In this work, we argued that TFMs predict well on small health datasets but are costly to deploy in inference-constrained health settings. We proposed a methodology around knowledge distillation to transfer predictive behavior from TFMs to simpler standard models, and ran extensive experiments on 19 healthcare datasets. Our results show that distilled models run, on CPU, at least 26× faster than the best TFMs on GPU. While knowledge transfer recovers at least 90% of TFM accuracy, it also preserves calibration and fairness. As a practical recommendation: use an LGBM student by default, and consider an MLP student only when sub-2 ms latency is a hard requirement.

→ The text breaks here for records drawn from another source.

text \<open>Call \<open>F\<close> shuffle-multiplicative if \<open>F x * F y\<close> is the sum of \<open>F z\<close> over all shuffles \<open>z\<close> of
  \<open>x\<close> and \<open>y\<close>, counted with multiplicity; the sum over \<open>Sh(n,m)\<close> in the theorem is exactly this
  shuffle sum. The counit and the exponential functions \<open>w \<mapsto> \<Prod>e(w\<^sub>l) / |w|!\<close> are
  shuffle-multiplicative, and so is the convolution \<open>(f * g)(w) = \<Sum> f(u) g(v)\<close>, summed over all splittings
  \<open>w = u v\<close>, of two such functions, because deconcatenation is a morphism for the shuffle product. Splitting off the
  final block of letters \<open>s + 1\<close> of a weakly increasing index word shows that \<open>v\<close> for \<open>s + 1\<close>
  stages is the convolution of \<open>v\<close> for \<open>s\<close> stages with an exponential function, so induction
  on \<open>s\<close> handles \<open>v\<close>. For the coefficients, reading words backwards turns prefix sums into
  suffix sums; the first letter of a shuffle comes from one of the two words while the total
  letter sum \<open>S\<^sub>x + S\<^sub>y\<close> is shared, and the identity reduces to
  \<open>1 / (S\<^sub>x S\<^sub>y) = (1 / S\<^sub>x + 1 / S\<^sub>y) / (S\<^sub>x + S\<^sub>y)\<close>.\<close>

section \<open>Shuffle sums\<close>

fun shuffle_list :: "'a list \<Rightarrow> 'a list \<Rightarrow> 'a list list" where
  "shuffle_list [] [] = [[]]"
| "shuffle_list [] (y # ys) = map ((#) y) (shuffle_list [] ys)"
| "shuffle_list (x # xs) [] = map ((#) x) (shuffle_list xs [])"
| "shuffle_list (x # xs) (y # ys) =
     map ((#) x) (shuffle_list xs (y # ys)) @ map ((#) y) (shuffle_list (x # xs) ys)"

More broadly, this paper argues that TFM inference cost reflects how TFMs do inference (context-conditioned GPU forward passes) rather than something intrinsic to their accuracy. Out-of-fold distillation moves that cost off the deployment surface without losing the accuracy.

7 Impact and Ethical Considerations

Lowering the deployment bar.

The practical effect of this work is that TFM-quality predictions on small clinical datasets no longer require a GPU. A 7 ms LightGBM student that fits in under 1 MB can run inside hospital systems that today cannot host a TabPFN forward pass: CPU-only nodes, air-gapped environments, registry-scale batch jobs, embedded scoring at the point of care. This widens the set of settings where recent TFM accuracy is reachable, particularly in resource-limited deployments or those with data-residency constraints.

Bias inheritance.

A distilled student inherits whatever bias the teacher carries. On the 8-dataset, 4-attribute fairness benchmark we report, distilled LGBM students stayed close to teacher DP- and EO-difference, with average ΔDP of −0.013 and average ΔEO of −0.014. MLP students cut DP-difference more strongly but increased EO-difference on several datasets, meaning prediction rates equalised at the cost of subgroup error rates. Any deployment should audit the specific student-teacher pair on the actual sensitive attributes that matter for the use case. Generalising from our table to a different cohort or attribute is not safe.

Calibration and decision support.

A clinical model whose probabilities are off cannot be plugged into a threshold-based decision rule without a calibration step. Distilled LightGBM students preserve teacher calibration without much post-hoc correction; MLP students need temperature scaling before deployment. Practitioners should not skip this step.